Data Model

Version Note

This documentation describes Swim JS packages v4.0.0 or later. Users of earlier package versions may experience differences in behavior.

Overview

One of the fundamental packages of the Swim JS ecosystem and a dependency of the @swim/client library is @swim/structure. It contains a set of APIs necessary for reading, parsing, and writing data via WARP links. The “Data” section of the Client documentation will focus on the classes and tools found within this package and how they enable WARP clients to make sense of the data they’re transmitting.
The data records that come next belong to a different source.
lemma card_perm_pvalue_average_le:
  fixes q :: "('n::finite \<Rightarrow> 'n) pmf" and \<alpha> :: real
  assumes "set_pmf q \<subseteq> perm_set" and "0 \<le> \<alpha>"
  shows "card {\<pi>\<in>perm_set. (\<Sum>\<sigma>\<in>perm_set. pmf q \<sigma> * perm_pvalue q t \<pi> \<sigma>) \<le> \<alpha>}
           \<le> 2 * \<alpha> * card (perm_set :: ('n \<Rightarrow> 'n) set)"
proof -
  let ?F = "\<lambda>\<pi>. \<Sum>\<sigma>\<in>perm_set. pmf q \<sigma> * perm_pvalue q t \<pi> \<sigma>"
  let ?D = "\<lambda>m \<pi>. \<Sum>\<sigma>\<in>perm_set. pmf q \<sigma> * max 0 (m - perm_pvalue q t \<pi> \<sigma>)"
  define A where "A = {\<pi>\<in>perm_set. ?F \<pi> \<le> \<alpha>}"
  define N where "N = real (card (perm_set :: ('n \<Rightarrow> 'n) set))"
  define m where "m = card A / N"
  have N: "0 < N" using card_perm_set_pos by (simp add: N_def)
  have A: "finite A" "A \<subseteq> perm_set" using finite_perm_set by (auto simp: A_def)
  text \<open>Choosing the level \<open>m = |A| / N\<close> balances the lower and upper bounds on \<open>\<Sum>\<pi>\<in>A. ?F \<pi>\<close>.\<close>
  have "m * card A - N * (m\<^sup>2 / 2) \<le> (\<Sum>\<pi>\<in>A. m - ?D m \<pi>)"
  proof -
    have "(\<Sum>\<pi>\<in>A. ?D m \<pi>) \<le> (\<Sum>\<pi>\<in>perm_set. ?D m \<pi>)"
      using A finite_perm_set by (intro sum_mono2) (auto intro!: sum_nonneg)
    also have "\<dots> \<le> N * (m\<^sup>2 / 2)" unfolding N_def by (rule sum_perm_pvalue_deficit_le)
    finally show ?thesis by (simp add: sum_subtractf)
  qed
  also have "\<dots> \<le> (\<Sum>\<pi>\<in>A. ?F \<pi>)"
    by (intro sum_mono perm_pvalue_average_ge assms(1))
  also have "\<dots> \<le> \<alpha> * card A" using sum_mono[of A ?F "\<lambda>_. \<alpha>"] by (simp add: A_def mult.commute)
  finally have "m * card A - N * (m\<^sup>2 / 2) \<le> \<alpha> * card A" .
  moreover have "N * (m\<^sup>2 / 2) = m * card A / 2"
    using N by (simp add: m_def power2_eq_square)
  ultimately have "card A * (card A / N) \<le> card A * (2 * \<alpha>)" by (simp add: m_def algebra_simps)
  then have "card A \<le> 2 * \<alpha> * N"
    using N assms(2) by (cases "card A = 0") (auto simp: field_simps)
  then show ?thesis by (simp add: A_def N_def)
qed

lemma card_Pbar_permute_vec_le:
  fixes q :: "('n::finite \<Rightarrow> 'n) pmf" and \<alpha> :: real
  assumes "set_pmf q \<subseteq> perm_set" and "0 \<le> \<alpha>"
  shows "card {\<pi>\<in>perm_set. Pbar q T (permute_vec x \<pi>) \<le> \<alpha>}
           \<le> 2 * \<alpha> * card (perm_set :: ('n \<Rightarrow> 'n) set)"
  unfolding Pbar_permute_vec by (rule card_perm_pvalue_average_le[OF assms])
definition circ_digraph :: "real set \<Rightarrow> (real \<times> real) set \<Rightarrow> bool" where
  "circ_digraph V E \<longleftrightarrow> V \<subseteq> {0..<1} \<and> E \<subseteq> V \<times> V \<and>
     (\<forall>x. (x, x) \<notin> E) \<and> (\<forall>x y. (x, y) \<in> E \<longrightarrow> (y, x) \<notin> E)"

definition cyclic_graph :: "real set \<Rightarrow> (real \<times> real) set \<Rightarrow> bool" where
  "cyclic_graph V E \<longleftrightarrow> circ_digraph V E \<and>
     (\<forall>u0 u1 w. (u0, u1) \<in> E \<longrightarrow> w \<in> V \<longrightarrow> 0 < dS1 u0 w \<longrightarrow> dS1 u0 w < dS1 u0 u1 \<longrightarrow>
        (u0, w) \<in> E \<and> (w, u1) \<in> E)"

text \<open>gamma_m(u0): supremum of total length of directed paths u0 -> ... -> um.
  (The value 0 is included so that a vertex without such paths gets gamma = 0; since all
  lengths are nonnegative this does not change the supremum otherwise.)\<close>
definition gamma :: "(real \<times> real) set \<Rightarrow> nat \<Rightarrow> real \<Rightarrow> real" where
  "gamma E m u0 = Sup (insert 0 {(\<Sum>i<m. dS1 (us i) (us (Suc i))) | us.
      us 0 = u0 \<and> (\<forall>i<m. (us i, us (Suc i)) \<in> E)})"

definition f1 :: "(real \<times> real) set \<Rightarrow> real \<Rightarrow> real" where
  "f1 E u = frac (u + gamma E 1 u)"

definition closed_graph :: "real set \<Rightarrow> bool" where
  "closed_graph V \<longleftrightarrow> closed (circ_emb ` V)"

definition continuous_graph :: "real set \<Rightarrow> (real \<times> real) set \<Rightarrow> bool" where
  "continuous_graph V E \<longleftrightarrow> (\<forall>m. continuous_map (S1top V) euclideanreal (gamma E m))"

definition metric_for :: "real set \<Rightarrow> (real \<times> real) set \<Rightarrow> (real \<Rightarrow> real \<Rightarrow> real) \<Rightarrow> bool" where
  "metric_for V E dV \<longleftrightarrow> Metric_space V dV \<and> Metric_space.mtopology V dV = S1top V \<and>
     (\<forall>u0 u1 u2. (u0, u1) \<in> E \<longrightarrow> (u1, u2) \<in> E \<longrightarrow> dV u0 u1 < dV u0 u2)"

definition gammaV :: "(real \<times> real) set \<Rightarrow> (real \<Rightarrow> real \<Rightarrow> real) \<Rightarrow> real \<Rightarrow> real" where
  "gammaV E dV u = dV u (f1 E u)"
Think of @swim/structure as a generic abstract syntax tree that can represent many structured data models, including parsed JSON, parsed XML, parsed Recon, parsed Protocol Buffers, and more. In addition to structured data models, @swim/structure has generic syntax trees for selector languages, like XPath, JSONPath, and Recon selectors. It also provides generic syntax trees for algebraic, logical, bitwise, and function invocation operators, as well as syntax trees for lambda function definitions. An Interpreter is provided for evaluating selectors, operators, and function invocations.
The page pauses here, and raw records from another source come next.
lemma finite_H: "finite H"
  unfolding H_def by simp

lemma H_subset: "H \<subseteq> {..<n}"
  unfolding H_def using head_le_n by auto

lemma Zp_H_disjoint: "j < k \<Longrightarrow> Zp j \<inter> H = {}"
  and Zq_H_disjoint: "j < k \<Longrightarrow> Zq j \<inter> H = {}"
  using Zp_subset Zq_subset unfolding H_def by fastforce+

lemma y_H_disjoint: "y j \<inter> H = {}"
  unfolding y_def by auto

lemma p_H_disjoint: "j < k \<Longrightarrow> p j \<inter> H = {}"
  and q_H_disjoint: "j < k \<Longrightarrow> q j \<inter> H = {}"
  unfolding p_def q_def using y_H_disjoint Zp_H_disjoint Zq_H_disjoint by blast+

lemma y_subset: "j < k \<Longrightarrow> y j \<subseteq> {..<n}"
  unfolding y_def using X_subset by blast

lemma p_subset: "j < k \<Longrightarrow> p j \<subseteq> {..<n}"
  and q_subset: "j < k \<Longrightarrow> q j \<subseteq> {..<n}"
  unfolding p_def q_def using y_subset Zp_subset Zq_subset by fastforce+

lemma finite_Zp: "j < k \<Longrightarrow> finite (Zp j)" and finite_Zq: "j < k \<Longrightarrow> finite (Zq j)"
  using Zp_subset Zq_subset by (meson finite_atLeastLessThan finite_subset)+

lemma finite_p: "j < k \<Longrightarrow> finite (p j)" and finite_q: "j < k \<Longrightarrow> finite (q j)"
  using p_subset q_subset by (meson finite_lessThan finite_subset)+

lemma finite_beta: "j < k \<Longrightarrow> finite (beta j)"
  using beta_subset_H finite_H by (rule finite_subset)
Parsers from source languages to @swim/structure syntax trees are provided by other packages. The @swim/recon library implements a parser and serializer for Recon, Recon selectors, and Recon expressions.

Data Model

The heart of @swim/structure is its uniform structured data model. Swim uses an abstract data model to decouple itself from the irregularities and limitations of common data formats, such as JSON or XML. To illuminate the complexity and limitations this model was designed to solve, let’s first consider the data models of JSON and XML.

JSON’s data model consists of four primitive types: string, number, boolean, and null; and two composite types: object, and array. Note that because JSON has two distinct composite types, its data model doesn’t produce uniform tree structures. JSON also lacks a consistent way to disambiguate polymorphic structures. And JSON’s lack of expressiveness leads to frequent use of textual microformats, which require additional parsing steps.

XML’s data model consists of one quasi-primitive type: text nodes, which may internally compose out-of-band entity references; and one composite type: element. Note that XML does not produce uniform tree structures either, due to the fact that elements have both child nodes, and associated attributes. And because of its textual nature, XML leads to profuse use of ad hoc string microformats. Rather than natively implementing a structured type system, XML layers on various nominally typed schema languages.

@swim/structure implements a uniform tree data model that is a superset of both the JSON and XML data models. The Swim structured data model has six primitive types: data, text, num, bool, extant, and absent; two field types: attr, and slot; and a single composite type: record.

Having only one composite type allows every compound data structure to be treated as a uniform tree. The record type effectively behaves like a partially-keyed list, enabling it to model both objects and arrays. The attr field type provides a consistent polymorphic disambiguation mechanism, similar to—but more uniform and expressive than—XML tags. The slot field type models object properties as distinct child items that happen to have a key. But unlike JSON object keys, slot keys are not restricted to string values.